WORK INSTRUCTION => Find the string "rule" in the material. Copy every line that has it.

(AVAILABLE DATA begins)

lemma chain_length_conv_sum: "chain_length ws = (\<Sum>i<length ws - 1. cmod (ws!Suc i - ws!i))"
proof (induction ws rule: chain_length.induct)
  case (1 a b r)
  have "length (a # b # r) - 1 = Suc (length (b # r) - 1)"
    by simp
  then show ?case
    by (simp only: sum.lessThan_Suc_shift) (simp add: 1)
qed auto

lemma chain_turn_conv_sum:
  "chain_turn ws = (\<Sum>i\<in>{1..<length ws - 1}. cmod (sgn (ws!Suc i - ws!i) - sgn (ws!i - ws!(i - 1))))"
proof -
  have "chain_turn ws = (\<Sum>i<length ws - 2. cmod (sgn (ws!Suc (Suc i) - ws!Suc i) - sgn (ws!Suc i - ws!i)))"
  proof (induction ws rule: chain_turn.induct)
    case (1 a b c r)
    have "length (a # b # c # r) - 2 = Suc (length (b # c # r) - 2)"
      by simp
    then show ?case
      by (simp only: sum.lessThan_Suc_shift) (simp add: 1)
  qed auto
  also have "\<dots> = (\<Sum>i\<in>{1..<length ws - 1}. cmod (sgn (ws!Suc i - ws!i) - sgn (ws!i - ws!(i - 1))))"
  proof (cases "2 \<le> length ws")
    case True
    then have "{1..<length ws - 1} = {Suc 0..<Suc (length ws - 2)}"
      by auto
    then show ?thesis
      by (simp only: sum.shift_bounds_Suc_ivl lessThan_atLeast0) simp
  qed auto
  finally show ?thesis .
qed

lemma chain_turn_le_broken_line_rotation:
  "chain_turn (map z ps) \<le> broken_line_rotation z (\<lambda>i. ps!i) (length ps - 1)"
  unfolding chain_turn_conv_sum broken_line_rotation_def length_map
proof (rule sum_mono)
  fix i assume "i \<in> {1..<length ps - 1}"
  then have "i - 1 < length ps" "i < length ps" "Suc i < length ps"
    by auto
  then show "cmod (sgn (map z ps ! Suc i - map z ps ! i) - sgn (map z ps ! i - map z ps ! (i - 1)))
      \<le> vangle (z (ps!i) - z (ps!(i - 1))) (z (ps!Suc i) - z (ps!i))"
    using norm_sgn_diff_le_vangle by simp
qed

(AVAILABLE DATA ends)

YOUR SOLUTION =>
proof (induction ws rule: chain_length.induct)
  proof (induction ws rule: chain_turn.induct)
proof (rule sum_mono)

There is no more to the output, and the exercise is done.